A point charge of 1.8 uC is at the center of a Gaussian cube 55 cm on edge. What is the net electric flux through the surface?
I have no idea where to start with this problem.
According to Gauss' Law, you will get the same answer no matter where the charge q is placed inside the box, and no matter how large the box is. It does not even have to be a cube, as long as it encloses the charge.
Total flux = q/(epsilon-zero)
= 1.8*10^-6/8.82*10^-12
= 2.04*10^5 (N*m^2/C)
That is a lot easier than doing the actual integhtration of E(normal) over the six sides of the cube, but the answer will be the same.
Can u pls explain with examples
To solve this problem, you can use Gauss's Law, which states that the net electric flux through a closed surface is equal to the charge enclosed divided by the electric constant.
Here are the steps to solve this problem:
Step 1: Find the charge enclosed within the Gaussian cube.

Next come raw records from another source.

definition periodic_data ::
  "nat \<Rightarrow> (nat \<Rightarrow> real poly) \<Rightarrow> (nat \<Rightarrow> real) \<Rightarrow> (nat \<Rightarrow> real) \<Rightarrow> bool" where
  "periodic_data s p eps b \<longleftrightarrow>
     (\<forall>j. p (j + s) = p j \<and> b (j + s) = b j \<and> eps (j + s) = eps j)"

definition companion :: "real poly \<Rightarrow> nat \<Rightarrow> nat \<Rightarrow> real" where
  "companion p i k =
     (if i < degree p \<and> k < degree p then
        (if k = degree p - 1 then - coeff p i else if i = k + 1 then 1 else 0)
      else 0)"

definition symmetrizator :: "real poly \<Rightarrow> nat \<Rightarrow> nat \<Rightarrow> real" where
  "symmetrizator p i k = (if i < degree p \<and> k < degree p then coeff p (i + k + 1) else 0)"

definition block_off :: "(nat \<Rightarrow> real poly) \<Rightarrow> nat \<Rightarrow> nat" where
  "block_off p j = (\<Sum>i<j. degree (p i))"

definition block_of :: "(nat \<Rightarrow> real poly) \<Rightarrow> nat \<Rightarrow> nat" where
  "block_of p n = (LEAST j. n < block_off p (Suc j))"

definition GJ_matrix ::
  "(nat \<Rightarrow> real poly) \<Rightarrow> (nat \<Rightarrow> real) \<Rightarrow> (nat \<Rightarrow> real) \<Rightarrow> nat \<Rightarrow> nat \<Rightarrow> complex" where
  "GJ_matrix p eps b i k =
     (let j = block_of p i; r = i - block_off p j;
          l = block_of p k; c = k - block_off p l
      in complex_of_real
        (if j = l then companion (p j) r c
         else if j = Suc l then (if r = 0 \<and> c = degree (p l) - 1 then b l else 0)
         else if l = Suc j then (if r = 0 \<and> c = degree (p l) - 1 then eps j * eps l * b j else 0)
         else 0))"

definition l2 :: "(nat \<Rightarrow> complex) \<Rightarrow> bool" where
  "l2 x \<longleftrightarrow> summable (\<lambda>n. (cmod (x n))\<^sup>2)"

definition GJ_apply ::
  "(nat \<Rightarrow> real poly) \<Rightarrow> (nat \<Rightarrow> real) \<Rightarrow> (nat \<Rightarrow> real) \<Rightarrow> (nat \<Rightarrow> complex) \<Rightarrow> nat \<Rightarrow> complex" where
  "GJ_apply p eps b x i = (\<Sum>k. GJ_matrix p eps b i k * x k)"

text \<open>Resolvent set of the (bounded) operator H on l^2: H - lambda is a bijection of l^2
  (its inverse is then automatically bounded).\<close>
definition GJ_resolvent_set ::
  "(nat \<Rightarrow> real poly) \<Rightarrow> (nat \<Rightarrow> real) \<Rightarrow> (nat \<Rightarrow> real) \<Rightarrow> complex set" where
  "GJ_resolvent_set p eps b =
     {z. \<forall>y. l2 y \<longrightarrow> (\<exists>!x. l2 x \<and> (\<forall>i. GJ_apply p eps b x i - z * x i = y i))}"

definition e0 :: "nat \<Rightarrow> complex" where
  "e0 i = (if i = 0 then 1 else 0)"

definition GJ_resolvent_e ::
  "(nat \<Rightarrow> real poly) \<Rightarrow> (nat \<Rightarrow> real) \<Rightarrow> (nat \<Rightarrow> real) \<Rightarrow> complex \<Rightarrow> nat \<Rightarrow> complex" where
  "GJ_resolvent_e p eps b z =
     (THE x. l2 x \<and> (\<forall>i. GJ_apply p eps b x i - z * x i = e0 i))"

text \<open>Gram operator G = diag(eps_0 E_{p_0}^{-1}, eps_1 E_{p_1}^{-1}, ...).\<close>
definition gram_apply ::
  "(nat \<Rightarrow> real poly) \<Rightarrow> (nat \<Rightarrow> real) \<Rightarrow> (nat \<Rightarrow> complex) \<Rightarrow> nat \<Rightarrow> complex" where
  "gram_apply p eps x i =
     (let j = block_of p i; n = degree (p j); off = block_off p j;
          u = (THE u :: nat \<Rightarrow> complex. (\<forall>c\<ge>n. u c = 0) \<and>
                 (\<forall>r<n. (\<Sum>c<n. complex_of_real (symmetrizator (p j) r c) * u c) = x (off + r)))
      in complex_of_real (eps j) * u (i - off))"

definition indef_inner ::
  "(nat \<Rightarrow> real poly) \<Rightarrow> (nat \<Rightarrow> real) \<Rightarrow> (nat \<Rightarrow> complex) \<Rightarrow> (nat \<Rightarrow> complex) \<Rightarrow> complex" where
  "indef_inner p eps x y = (\<Sum>i. gram_apply p eps x i * cnj (y i))"

definition m_function ::
  "(nat \<Rightarrow> real poly) \<Rightarrow> (nat \<Rightarrow> real) \<Rightarrow> (nat \<Rightarrow> real) \<Rightarrow> complex \<Rightarrow> complex" where
  "m_function p eps b z = indef_inner p eps (GJ_resolvent_e p eps b z) e0"

definition Wmat ::
  "(nat \<Rightarrow> real poly) \<Rightarrow> (nat \<Rightarrow> real) \<Rightarrow> (nat \<Rightarrow> real) \<Rightarrow> nat \<Rightarrow> complex \<Rightarrow> complex^2^2" where
  "Wmat p eps b j z =
     vector [vector [0, - complex_of_real (eps j / b j)],
             vector [complex_of_real (eps j * b j), poly (map_poly complex_of_real (p j)) z / complex_of_real (b j)]]"

fun Wprod ::
  "(nat \<Rightarrow> real poly) \<Rightarrow> (nat \<Rightarrow> real) \<Rightarrow> (nat \<Rightarrow> real) \<Rightarrow> nat \<Rightarrow> complex \<Rightarrow> complex^2^2" where
  "Wprod p eps b 0 z = Wmat p eps b 0 z"
| "Wprod p eps b (Suc j) z = Wprod p eps b j z ** Wmat p eps b (Suc j) z"

definition Ppol :: "(nat \<Rightarrow> real poly) \<Rightarrow> (nat \<Rightarrow> real) \<Rightarrow> (nat \<Rightarrow> real) \<Rightarrow> nat \<Rightarrow> complex \<Rightarrow> complex" where
  "Ppol p eps b j z =
     (case j of 0 \<Rightarrow> 1 | Suc i \<Rightarrow> (Wprod p eps b i z *v vector [0, 1]) $ 2)"

definition Qpol :: "(nat \<Rightarrow> real poly) \<Rightarrow> (nat \<Rightarrow> real) \<Rightarrow> (nat \<Rightarrow> real) \<Rightarrow> nat \<Rightarrow> complex \<Rightarrow> complex" where
  "Qpol p eps b j z =
     (case j of 0 \<Rightarrow> 0 | Suc i \<Rightarrow> - (Wprod p eps b i z *v vector [0, 1]) $ 1)"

Since the point charge of 1.8 μC is at the center of the cube, it is fully enclosed within the cube itself. Therefore, the charge enclosed is 1.8 μC.

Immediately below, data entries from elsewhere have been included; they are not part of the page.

(* Let $(M,g)$ be a space-time of dimension $n>3$ with smooth vector fields $u,w$ satisfying $u^ku_k=w^kw_k=-1$, $\nabla_iu_j=\varphi(u_iu_j+g_{ij})$ and $\nabla_iw_j=\lambda(w_iw_j+g_{ij})$ for scalar fields $\varphi,\lambda$. Suppose $\nabla_k\varphi=-u_k\,u^m\nabla_m\varphi+v\,b_k$ with $v\neq0$, $b^kb_k=1$, $u^kb_k=0$, and that $w_i=u_i\cosh\alpha+b_i\sinh\alpha$ with $\alpha\neq0$. Then $$\tanh\alpha=-\frac{2R_{ij}u^ib^j}{R_{ij}(u^iu^j+b^ib^j)}.$$
   Context: A space-time is a Lorentzian manifold with metric of signature $(-,+,\dots,+)$; $\nabla$ is its Levi-Civita connection. The Riemann tensor is defined by $[\nabla_i,\nabla_j]X_k=R_{ijkm}X^m$ and the Ricci tensor by $R_{jm}=g^{ik}R_{ijkm}$. *)

theory Defs
  imports "HOL-Analysis.Analysis"
begin

text \<open>Local-coordinate rendering of Lorentzian geometry on an open set U of R^n.
  Points are x :: real^'n; tensor fields are given by their components
  (index type 'n). Covector fields (lower indices) X :: real^'n => 'n => real.\<close>

definition pd :: "'n::finite \<Rightarrow> (real^'n \<Rightarrow> real) \<Rightarrow> real^'n \<Rightarrow> real" where
  "pd i f x = frechet_derivative f (at x) (axis i 1)"

primrec iter_pd :: "'n::finite list \<Rightarrow> (real^'n \<Rightarrow> real) \<Rightarrow> real^'n \<Rightarrow> real" where
  "iter_pd [] f = f"
| "iter_pd (i # is) f = pd i (iter_pd is f)"

definition Cinf_on :: "(real^'n::finite) set \<Rightarrow> (real^'n \<Rightarrow> real) \<Rightarrow> bool" where
  "Cinf_on U f \<longleftrightarrow> (\<forall>is. iter_pd is f differentiable_on U)"

definition metric_matrix :: "(real^'n::finite \<Rightarrow> 'n \<Rightarrow> 'n \<Rightarrow> real) \<Rightarrow> real^'n \<Rightarrow> real^'n^'n" where
  "metric_matrix g x = (\<chi> i j. g x i j)"

definition ginv :: "(real^'n::finite \<Rightarrow> 'n \<Rightarrow> 'n \<Rightarrow> real) \<Rightarrow> real^'n \<Rightarrow> 'n \<Rightarrow> 'n \<Rightarrow> real" where
  "ginv g x i j = matrix_inv (metric_matrix g x) $ i $ j"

Step 2: Calculate the electric constant. The electric constant, also known as the permittivity of free space, is denoted by ε₀ and has a value of approximately 8.85 x 10⁻¹² C²/N m².
Step 3: Calculate the area of each face of the cube. Since the cube is symmetrical, each face has the same area. The area of a face of the cube is equal to the square of the length of one edge. Therefore, the area of each face is (0.55 m)² = 0.3025 m².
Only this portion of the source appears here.